A senadora acredita que com o novo líder das FARC, Alfonso Cano, e “com a ajuda e a cooperação internacional, pode-se conseguir reabrir o acordo humanitário e os contatos para a liberação [dos seqüestrados]”. Mas para ela, o principal obstáculo para isso é o próprio presidente Álvaro Uribe, cujo governo descreveu como o de um “regime mafioso”.
“Eu não me arriscaria a falar de um processo de paz com o presidente da república”, me assegurou, “porque acredito que ele prefere a saída militar, a saída da guerra, e não acredito que na agenda do presidente esteja um processo de paz”. Logo me disse que 6.5 por cento do produto interno bruto está “dirigido para a guerra” e que ela acredita que a única saída é “política e negociada”.
A senadora Córdoba, junto com o presidente da Venezuela, Hugo Chávez, ajudaram na libertação, há alguns meses, de vários seqüestrados em poder da guerrilha. Para ela, Chávez é “um homem generoso, um homem socialista, que privilegia a paz e que luta, ainda por cima, para que muitos homens e mulheres não morram de fome”.
Ela rechaça a recente afirmação do subsecretário de Estado estadunidense, John Negroponte, que assegurou que “não existem dúvidas que revolucionários das FARC se refugiam na Venezuela”. “Eu não acredito nisso”, me disse, “eu acredito que isso é parte de uma estratégia bem desenhada, não somente por parte do próprio governo colombiano, mas também com a ajuda e cooperação do Departamento de Estado estadunidense”. Tampouco dá credibilidade às informações faladas no computadores do assassinado líder guerrilheiro Raúl Reyes. “Eu cada vez acredito menos... e quando ouço o fiscal geral da nação dizer que eu mandei 900 correios [eletrônicos, a Raúl Reyes], isso para mim é prova suficiente de que isso é uma armação, uma mentira”.
Córdoba, que foi seqüestrada por paramilitares, se reconhece como uma mulher “absolutamente controvertida” e ameaçada de morte. Quem quer te matar?- a perguntei. “Eu penso que o stablishment”, respondeu. “Um setor muito importante do poder estabelecido desse país não quer matar somente a mim; quer matar todos que pensem diferente. [Mas] não nos deixaremos amedrontar pelas acusações. Não nos assusta que nos chamem de terroristas, que nos chamem de guerrilheiros ou guerrilheiras, e que nos submetam permanentemente ao escárnio público.”

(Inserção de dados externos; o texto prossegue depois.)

text \<open>If i, j, n have no common prime factor, some translate j + m i with m \<ge> 1 is a
  unit mod n: take m to be the product of the primes of n not dividing j.\<close>
lemma coprime_translate_exists:
  fixes n i j :: int
  assumes "n > 0" "gcd (gcd i j) n = 1"
  shows "\<exists>m::nat. m \<ge> 1 \<and> coprime (j + int m * i) n"
proof -
  define S where "S = {p \<in> prime_factors n. \<not> p dvd j}"
  define M where "M = \<Prod>S"
  have finS: "finite S" unfolding S_def by simp
  have S_primes: "\<And>p. p \<in> S \<Longrightarrow> prime p \<and> p dvd n \<and> \<not> p dvd j" unfolding S_def
    by (auto simp: in_prime_factors_iff)
  have M_pos: "M > 0" unfolding M_def using S_primes
    by (intro prod_pos) (auto intro: prime_gt_0_int)
  have "coprime (j + M * i) n"
  proof (rule coprime_if_no_common_prime_int)
    show "n \<noteq> 0" using assms by simp
    fix q :: int assume q: "prime q" "q dvd n"
    show "\<not> q dvd (j + M * i)"
    proof (cases "q dvd j")
      case True
      have "\<not> q dvd i"
      proof
        assume "q dvd i"
        then have "q dvd gcd (gcd i j) n" using True q by simp
        then show False using assms(2) q(1) by (simp add: not_prime_unit)
      qed
      moreover have "\<not> q dvd M"
      proof
        assume "q dvd M"
        then obtain p where p: "p \<in> S" "q dvd p"
          unfolding M_def using prime_dvd_prod_iff[OF finS q(1)] by auto
        then have "q = p" using S_primes[OF p(1)] q(1)
          by (metis primes_dvd_imp_eq)
        then show False using S_primes[OF p(1)] True by simp
      qed
      ultimately have "\<not> q dvd M * i" using q(1) by (simp add: prime_dvd_mult_iff)
      then show ?thesis using True by (simp add: dvd_add_right_iff)
    next
      case False
      then have "q \<in> S" unfolding S_def using q assms(1) by (simp add: in_prime_factors_iff)
      then have "q dvd M * i" unfolding M_def using finS dvd_prodI[of S q id] by simp
      then show ?thesis using False by (simp add: dvd_add_left_iff)
    qed
  qed
  moreover have "int (nat M) = M" "nat M \<ge> 1" using M_pos by simp_all
  ultimately show ?thesis by metis
qed

lemma gcd3_div_gcd3:
  fixes i j n :: int
  assumes "n > 0"
  defines "d \<equiv> gcd (gcd i j) n"
  shows "gcd (gcd (i div d) (j div d)) (n div d) = 1"
proof -
  have d_pos: "d > 0" using assms(1) unfolding d_def by simp
  have "d dvd i" "d dvd j" "d dvd n" unfolding d_def
    by (meson dvd_trans gcd_dvd1 gcd_dvd2)+
  then have "i = d * (i div d)" "j = d * (j div d)" "n = d * (n div d)" by simp_all
  then have "d * gcd (gcd (i div d) (j div d)) (n div d) = gcd (gcd i j) n"
    using d_pos by (metis abs_of_pos gcd_mult_distrib_int)
  then show ?thesis using d_pos assms(1) unfolding d_def by simp
qed

section \<open>Cyclic gradings with positivity are abelian\<close>

text \<open>An abstract Z/n-graded algebra (degree pieces V j, V 0 trivial) with a
  degree-reversing conjugation, satisfying the two positivity properties that a compact
  (Hilbert) Lie algebra enjoys: homogeneous elements with ad-square zero have ad zero,
  and [v*, [z, v]] = 0 forces [z, v] = 0.\<close>
locale cyclic_grading =
  fixes n :: int and bc :: "'b::zero \<Rightarrow> 'b \<Rightarrow> 'b" and cj :: "'b \<Rightarrow> 'b"
    and V :: "int \<Rightarrow> 'b set"
  assumes modulus_pos: "n > 0"
    and degree_mod: "\<And>j. V (j mod n) = V j"
    and degree_zero: "\<And>x. x \<in> V 0 \<Longrightarrow> x = 0"
    and bracket_degree: "\<And>i j x y. x \<in> V i \<Longrightarrow> y \<in> V j \<Longrightarrow> bc x y \<in> V (i + j)"
    and ad_square_zero: "\<And>i x v. x \<in> V i \<Longrightarrow> bc x (bc x v) = 0 \<Longrightarrow> bc x v = 0"
    and conj_annihilates: "\<And>z v. bc (cj v) (bc z v) = 0 \<Longrightarrow> bc z v = 0"
    and conj_degree: "\<And>i x. x \<in> V i \<Longrightarrow> cj x \<in> V (- i)"
    and bracket_zero_sym: "\<And>x y. bc x y = 0 \<Longrightarrow> bc y x = 0"
begin
lemma Bfps_mult_Psum:
  assumes "0 < l" and "0 < k"
  defines "Y \<equiv> fps_exp (of_nat l)"
  shows "Bfps (of_nat (l * k)) * (poly_fps (Psum k) Y * (Y - 1)) = fps_const (of_nat (l * k)) * fps_X"
proof -
  have "poly_fps (Psum k) Y * (Y - 1) = fps_exp (of_nat (l * k)) - 1"
    unfolding poly_fps_Psum Y_def fps_exp_power_mult by (simp add: mult.commute)
  then show ?thesis
    using Bfps_mult_exp_minus_1[of "of_nat (l * k)"] assms by simp
qed

lemma product_from_partial_fractions:
  fixes Bm Bn Bl Pa Pb Z H G ym yn c :: "'a::idom"
  assumes Bm: "Bm * (Pa * Z) = ym" and Bn: "Bn * (Pb * Z) = yn"
    and Bl: "(Bl * Z)\<^sup>2 = ym * yn * c"
    and pf: "c * Pa * Pb + H * Z * Pa + G * Z * Pb = 1"
    and "ym \<noteq> 0" and "yn \<noteq> 0"
  shows "Bm * Bn = Bl\<^sup>2 + ym * Bn * H + yn * Bm * G"
proof -
  define K where "K = Pa * Pb * Z\<^sup>2"
  have "K \<noteq> 0"
    using Bm Bn \<open>ym \<noteq> 0\<close> \<open>yn \<noteq> 0\<close> by (auto simp: K_def)
  have "Bm * Bn * K = (Bm * (Pa * Z)) * (Bn * (Pb * Z))"
    by (simp add: K_def power2_eq_square ac_simps)
  also have "\<dots> = ym * yn" by (simp add: Bm Bn)
  also have "\<dots> = ym * yn * (c * Pa * Pb + H * Z * Pa + G * Z * Pb)" by (simp add: pf)
  also have "\<dots> = (ym * yn * c) * Pa * Pb + ym * H * Z * Pa * yn + yn * G * Z * Pb * ym"
    by (simp add: algebra_simps)
  also have "\<dots> = (Bl * Z)\<^sup>2 * Pa * Pb + ym * H * Z * Pa * (Bn * (Pb * Z)) + yn * G * Z * Pb * (Bm * (Pa * Z))"
    by (simp only: Bl Bm Bn)
  also have "\<dots> = (Bl\<^sup>2 + ym * Bn * H + yn * Bm * G) * K"
    by (simp add: K_def power2_eq_square algebra_simps)
  finally show ?thesis
    using \<open>K \<noteq> 0\<close> by simp
qed

theorem mainTheorem4:
  fixes m n :: nat
  assumes "0 < m" and "0 < n" and "m \<noteq> n"
  shows "Bfps (of_nat m) * Bfps (of_nat n) =
           (Bfps (of_nat (gcd m n)))\<^sup>2
         + fps_const (of_nat m) * fps_X * Bfps (of_nat n) * eval_expT (gpoly n m)
         + fps_const (of_nat n) * fps_X * Bfps (of_nat m) * eval_expT (gpoly m n)"
proof -
  define l a b where "l = gcd m n" and "a = m div l" and "b = n div l"
  have m: "m = l * a" and n: "n = l * b" and "0 < l"
    using assms by (simp_all add: a_def b_def l_def)
  have ab: "0 < a" "0 < b" "coprime a b"
    using assms div_gcd_coprime[of m n] by (simp_all add: m n) (simp add: a_def b_def l_def)
  define G H Y where "G = fst (g_pair a b)" and "H = snd (g_pair a b)" and "Y = fps_exp (of_nat l :: rat)"
  have "gpoly m n = pcompose G (monom 1 l)" and "gpoly n m = pcompose H (monom 1 l)"
    using g_pair_swap[OF ab]
    by (simp_all add: gpoly_def g_cop_def Let_def G_def H_def a_def b_def l_def gcd.commute)
  then have eval: "eval_expT (gpoly m n) = poly_fps G Y" "eval_expT (gpoly n m) = poly_fps H Y"
    by (simp_all add: eval_expT_pcompose_monom Y_def)
  have "(of_nat l :: rat)\<^sup>2 = of_nat m * of_nat n * (1 / (of_nat a * of_nat b))"
    using ab by (simp add: m n power2_eq_square)
  then have "(Bfps (of_nat l) * (Y - 1))\<^sup>2
      = fps_const (of_nat m) * fps_X * (fps_const (of_nat n) * fps_X) * fps_const (1 / (of_nat a * of_nat b))"
    using Bfps_mult_exp_minus_1[of "of_nat l"] \<open>0 < l\<close>
    by (simp add: Y_def power_mult_distrib fps_const_power power2_eq_square ac_simps)
  from product_from_partial_fractions[OF Bfps_mult_Psum[OF \<open>0 < l\<close> \<open>0 < a\<close>, folded m Y_def]
      Bfps_mult_Psum[OF \<open>0 < l\<close> \<open>0 < b\<close>, folded n Y_def] this
      poly_fps_is_g_pair[OF is_g_pair_g_pair[OF ab], folded G_def H_def]]
  show ?thesis
    using assms by (simp add: eval l_def fps_const_mult_X_eq_0_iff)
qed

end
(* Under the hypotheses of Proposition 2.1 (both singular and invertible components, $P$ primitive), the Markov operator $\mathcal{Q}$ is uniformly ergodic: there exist constants $C<\infty$ and $a>0$ such that for every $\mathcal{Q}$-stationary probability measure $\eta$, every $n\in\mathbb{N}$ and every $\varphi\in L^\infty(\mathscr{A}\times\mathbb{P}^1)$, $$\Big\|\mathcal{Q}^n\varphi-\int\varphi\,d\eta\Big\|_\infty\le C e^{-an}\|\varphi\|_\infty.$$
   Context: $\mathscr{A}=\{1,\dots,k\}=\mathscr{A}_{\mathrm{sing}}\sqcup\mathscr{A}_{\mathrm{inv}}$, both nonempty; $\underline A=(A_i)$ with $\mathrm{rank}A_i=1$ on $\mathscr{A}_{\mathrm{sing}}$ and $\mathrm{rank}A_i=2$ on $\mathscr{A}_{\mathrm{inv}}$. $P=(p_{ij})$ primitive left stochastic ($p_{ij}$ = probability of $j\to i$) with stationary vector $q$. Projective action: $\hat A\hat v=\widehat{Av}$ for invertible $A$, and for rank one $A$ the constant map to $\hat r$, $r=\mathrm{Range}(A)$. $L^\infty(\mathscr{A}\times\mathbb{P}^1)$: bounded measurable functions with sup norm. $(\mathcal{Q}\varphi)(j,\hat v)=\sum_i\varphi(i,\hat A_i\hat v)p_{ij}$; $\eta$ is $\mathcal{Q}$-stationary if $\int\mathcal{Q}\varphi\,d\eta=\int\varphi\,d\eta$ for all such $\varphi$. *)

theory Defs
  imports "HOL-Analysis.Analysis" "HOL-Probability.Probability"
begin

text \<open>The projective line P^1 (lines through 0 in R^2) is parametrised by the angle
  theta in [0,pi): theta corresponds to the line spanned by (cos theta, sin theta).\<close>

definition P1 :: "real set" where
  "P1 = {0..<pi}"

definition dirv :: "real \<Rightarrow> real^2" where
  "dirv \<theta> = vector [cos \<theta>, sin \<theta>]"

definition line_of :: "real^2 \<Rightarrow> real" where
  "line_of w = (THE \<theta>. \<theta> \<in> P1 \<and> (\<exists>c. c \<noteq> 0 \<and> w = c *\<^sub>R dirv \<theta>))"

definition proj_act :: "real^2^2 \<Rightarrow> real \<Rightarrow> real" where
  "proj_act A \<theta> =
     (if rank A = 1 then line_of (SOME r. r \<noteq> 0 \<and> r \<in> range (\<lambda>x. A *v x))
      else line_of (A *v dirv \<theta>))"

definition SP :: "nat \<Rightarrow> (nat \<times> real) measure" where
  "SP k = count_space {1..k} \<Otimes>\<^sub>M restrict_space borel P1"

definition Linf :: "nat \<Rightarrow> (nat \<times> real \<Rightarrow> real) set" where
  "Linf k = {\<phi>. \<phi> \<in> borel_measurable (SP k) \<and> bounded (\<phi> ` ({1..k} \<times> P1))}"

definition supnorm :: "nat \<Rightarrow> (nat \<times> real \<Rightarrow> real) \<Rightarrow> real" where
  "supnorm k \<phi> = (SUP x\<in>{1..k} \<times> P1. \<bar>\<phi> x\<bar>)"

text \<open>p i j = probability of j -> i (left stochastic).\<close>
definition left_stochastic :: "nat \<Rightarrow> (nat \<Rightarrow> nat \<Rightarrow> real) \<Rightarrow> bool" where
  "left_stochastic k p \<longleftrightarrow>
     (\<forall>i\<in>{1..k}. \<forall>j\<in>{1..k}. p i j \<ge> 0) \<and> (\<forall>j\<in>{1..k}. (\<Sum>i\<in>{1..k}. p i j) = 1)"

fun mpow :: "nat \<Rightarrow> (nat \<Rightarrow> nat \<Rightarrow> real) \<Rightarrow> nat \<Rightarrow> nat \<Rightarrow> nat \<Rightarrow> real" where
  "mpow k p 0 i j = (if i = j then 1 else 0)"
| "mpow k p (Suc n) i j = (\<Sum>l\<in>{1..k}. p i l * mpow k p n l j)"

definition primitive :: "nat \<Rightarrow> (nat \<Rightarrow> nat \<Rightarrow> real) \<Rightarrow> bool" where
  "primitive k p \<longleftrightarrow> (\<exists>N. \<forall>i\<in>{1..k}. \<forall>j\<in>{1..k}. mpow k p N i j > 0)"

definition Qop :: "nat \<Rightarrow> (nat \<Rightarrow> real^2^2) \<Rightarrow> (nat \<Rightarrow> nat \<Rightarrow> real)
    \<Rightarrow> (nat \<times> real \<Rightarrow> real) \<Rightarrow> (nat \<times> real \<Rightarrow> real)" where
  "Qop k A p \<phi> = (\<lambda>(j, \<theta>). \<Sum>i\<in>{1..k}. \<phi> (i, proj_act (A i) \<theta>) * p i j)"

definition Q_stationary :: "nat \<Rightarrow> (nat \<Rightarrow> real^2^2) \<Rightarrow> (nat \<Rightarrow> nat \<Rightarrow> real)
    \<Rightarrow> (nat \<times> real) measure \<Rightarrow> bool" where
  "Q_stationary k A p \<eta> \<longleftrightarrow> prob_space \<eta> \<and> sets \<eta> = sets (SP k) \<and>
     (\<forall>\<phi>\<in>Linf k. (\<integral>x. Qop k A p \<phi> x \<partial>\<eta>) = (\<integral>x. \<phi> x \<partial>\<eta>))"

end

theory Submission
  imports Defs
begin

(* Doeblin's argument. A singular letter s sends all of P^1 to the single point hat r_s, and by
   primitivity of P there is an N such that a chain started anywhere is in s after N steps with
   probability at least some e > 0. So the N-step kernel from every (j, theta) dominates e times
   the point mass at (s, hat r_s), and Q^N contracts the oscillation of every bounded phi by the
   factor 1 - e. A stationary eta integrates Q^n phi to the integral of phi, which therefore lies in
   the range of Q^n phi, an interval whose length decays geometrically in n. *)

lemma dirv_nth [simp]: "dirv \<theta> $ 1 = cos \<theta>" "dirv \<theta> $ 2 = sin \<theta>"
  by (simp_all add: dirv_def)

lemma dirv_neq_0: "dirv \<theta> \<noteq> 0"
  by (metis dirv_nth sin_cos_squared_add zero_index zero_neq_one power2_eq_square mult_zero_left add_0)

lemma P1_dirv_inj:
  assumes "\<theta> \<in> P1" "\<theta>' \<in> P1" "c \<noteq> 0" "c *\<^sub>R dirv \<theta> = c' *\<^sub>R dirv \<theta>'"
  shows "\<theta> = \<theta>'"
proof -
  have cos: "c * cos \<theta> = c' * cos \<theta>'" and sin: "c * sin \<theta> = c' * sin \<theta>'"
    using arg_cong[OF assms(4), of "\<lambda>v. v$1"] arg_cong[OF assms(4), of "\<lambda>v. v$2"] by auto
  have "c * sin (\<theta> - \<theta>') = (c * sin \<theta>) * cos \<theta>' - (c * cos \<theta>) * sin \<theta>'"
    by (simp add: sin_diff algebra_simps)
  also have "\<dots> = 0"
    unfolding cos sin by simp
  finally have "sin (\<theta> - \<theta>') = 0"
    using assms(3) by simp
  moreover have "- pi < \<theta> - \<theta>'" "\<theta> - \<theta>' < pi"
    using assms(1,2) by (auto simp: P1_def)
  ultimately show ?thesis
    using sin_eq_0_pi by force
qed

lemma line_of_scaleR_dirv:
  assumes "\<theta> \<in> P1" "c \<noteq> 0"
  shows "line_of (c *\<^sub>R dirv \<theta>) = \<theta>"
  unfolding line_of_def
proof (rule the_equality)
  fix \<theta>' assume "\<theta>' \<in> P1 \<and> (\<exists>c'. c' \<noteq> 0 \<and> c *\<^sub>R dirv \<theta> = c' *\<^sub>R dirv \<theta>')"
  then show "\<theta>' = \<theta>"
    using P1_dirv_inj assms by metis
qed (use assms in blast)

text \<open>The line through w \<noteq> 0 with w$2 \<noteq> 0 has cotangent w$1 / w$2, and
  \<open>pi/2 - arctan\<close> inverts the cotangent on (0, pi).\<close>
lemma line_of_eq:
  assumes "w \<noteq> 0"
  shows "line_of w = (if w$2 = 0 then 0 else pi/2 - arctan (w$1 / w$2))"
proof (cases "w$2 = 0")
  case True
  then have "w = w$1 *\<^sub>R dirv 0" "w$1 \<noteq> 0"
    using assms by (auto simp: vec_eq_iff forall_2)
  then show ?thesis
    using True line_of_scaleR_dirv[of 0 "w$1"] by (simp add: P1_def)
next
  case False
  define x where "x = w$1 / w$2"
  define \<theta> where "\<theta> = pi/2 - arctan x"
  have w1: "w$1 = w$2 * x"
    using False by (simp add: x_def)
  have x2: "1 + x\<^sup>2 \<noteq> 0"
    by (smt (verit) zero_le_power2)
  have "\<theta> \<in> P1"
    using arctan_bounded[of x] by (auto simp: P1_def \<theta>_def)
  moreover have "w = (w$2 * sqrt (1 + x\<^sup>2)) *\<^sub>R dirv \<theta>"
    using False by (simp add: vec_eq_iff forall_2 \<theta>_def cos_diff sin_diff cos_arctan sin_arctan w1 x2)
  moreover have "w$2 * sqrt (1 + x\<^sup>2) \<noteq> 0"
    using False x2 by simp
  ultimately show ?thesis
    using False line_of_scaleR_dirv by (metis \<theta>_def x_def)
qed

lemma line_of_in_P1: "w \<noteq> 0 \<Longrightarrow> line_of w \<in> P1"
  using arctan_bounded[of "w$1 / w$2"] by (auto simp: line_of_eq P1_def)

lemma borel_measurable_line_of: "line_of \<in> borel_measurable borel"
proof -
  have "line_of = (\<lambda>w. if w = 0 then line_of 0 else if w$2 = 0 then 0 else pi/2 - arctan (w$1 / w$2))"
    by (auto simp: line_of_eq)
  also have "\<dots> \<in> borel_measurable borel"
    by measurable
  finally show ?thesis .
qed

lemma continuous_dirv: "continuous_on UNIV dirv"
proof -
  have eq: "dirv = (\<lambda>\<theta>. cos \<theta> *\<^sub>R axis 1 1 + sin \<theta> *\<^sub>R axis 2 1)"
    by (auto simp: fun_eq_iff vec_eq_iff forall_2 axis_def)
  show ?thesis
    unfolding eq by (intro continuous_intros)
qed

lemma borel_measurable_proj_act: "proj_act B \<in> borel_measurable borel"
proof -
  have "(\<lambda>\<theta>. B *v dirv \<theta>) \<in> borel_measurable borel"
    by (intro borel_measurable_continuous_onI continuous_on_compose2[OF
          matrix_vector_mult_linear_continuous_on continuous_dirv]) auto
  then have "(\<lambda>\<theta>. line_of (B *v dirv \<theta>)) \<in> borel_measurable borel"
    using borel_measurable_line_of by (rule measurable_compose)
  then show ?thesis
    unfolding proj_act_def by (cases "rank B = 1") simp_all
qed

lemma rank_1_range_neq_0:
  assumes "rank (B::real^2^2) = 1"
  shows "\<exists>r. r \<noteq> 0 \<and> r \<in> range (\<lambda>x. B *v x)"
proof (rule ccontr)
  assume "\<not> ?thesis"
  then have "B = 0"
    by (metis (mono_tags, lifting) matrix_eq matrix_vector_mult_0 rangeI)
  then show False
    using assms by simp
qed

lemma proj_act_rank_1_const: "rank B = 1 \<Longrightarrow> proj_act B \<theta> = proj_act B \<theta>'"
  by (simp add: proj_act_def)

lemma proj_act_in_P1:
  assumes "rank B = 1 \<or> rank B = 2"
  shows "proj_act B \<theta> \<in> P1"
proof (cases "rank B = 1")
  case True
  then show ?thesis
    using someI_ex[OF rank_1_range_neq_0[OF True]] by (simp add: proj_act_def line_of_in_P1)
next
  case False
  then have "inj ((*v) B)"
    using assms full_rank_injective[of B] by simp
  then have "B *v dirv \<theta> \<noteq> 0"
    using dirv_neq_0 by (metis injD matrix_vector_mult_0_right)
  then show ?thesis
    using False by (simp add: proj_act_def line_of_in_P1)
qed

lemma proj_act_measurable_P1:
  assumes "rank B = 1 \<or> rank B = 2"
  shows "proj_act B \<in> restrict_space borel P1 \<rightarrow>\<^sub>M restrict_space borel P1"
  using proj_act_in_P1[OF assms]
  by (intro measurable_restrict_space1 measurable_restrict_space2 borel_measurable_proj_act) auto

definition osc_le :: "'a set \<Rightarrow> ('a \<Rightarrow> real) \<Rightarrow> real \<Rightarrow> bool" where
  "osc_le S f D \<longleftrightarrow> (\<exists>m. f ` S \<subseteq> {m..m + D})"

lemma osc_le_mono_range:
  assumes "osc_le S f D" and "\<And>m M. f ` S \<subseteq> {m..M} \<Longrightarrow> g ` S \<subseteq> {m..M}"
  shows "osc_le S g D"
  using assms unfolding osc_le_def by metis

Ela sabe que pelo “desgaste que sofri politicamente” não pode aspirar a presidência da Colômbia. Ainda que pareça mais importante para ela trabalhar pelo “processo de paz”.
Terminei a entrevista, que foi filmada originalmente para a televisão, perguntando-a sobre os turbantes que usa. O que escondem? “Uma cabeça cheia de idéias”, me respondeu com um sorriso, para logo explicar que o turbante, para ela, “significa meu orgulho total por pertencer à afrodescendência da América Latina e Colômbia”. Afinal, tive que reconhecer que a senadora respondeu todas e cada uma de minhas perguntas e que acreditei no que ela disse. “A luta continua”, concluiu.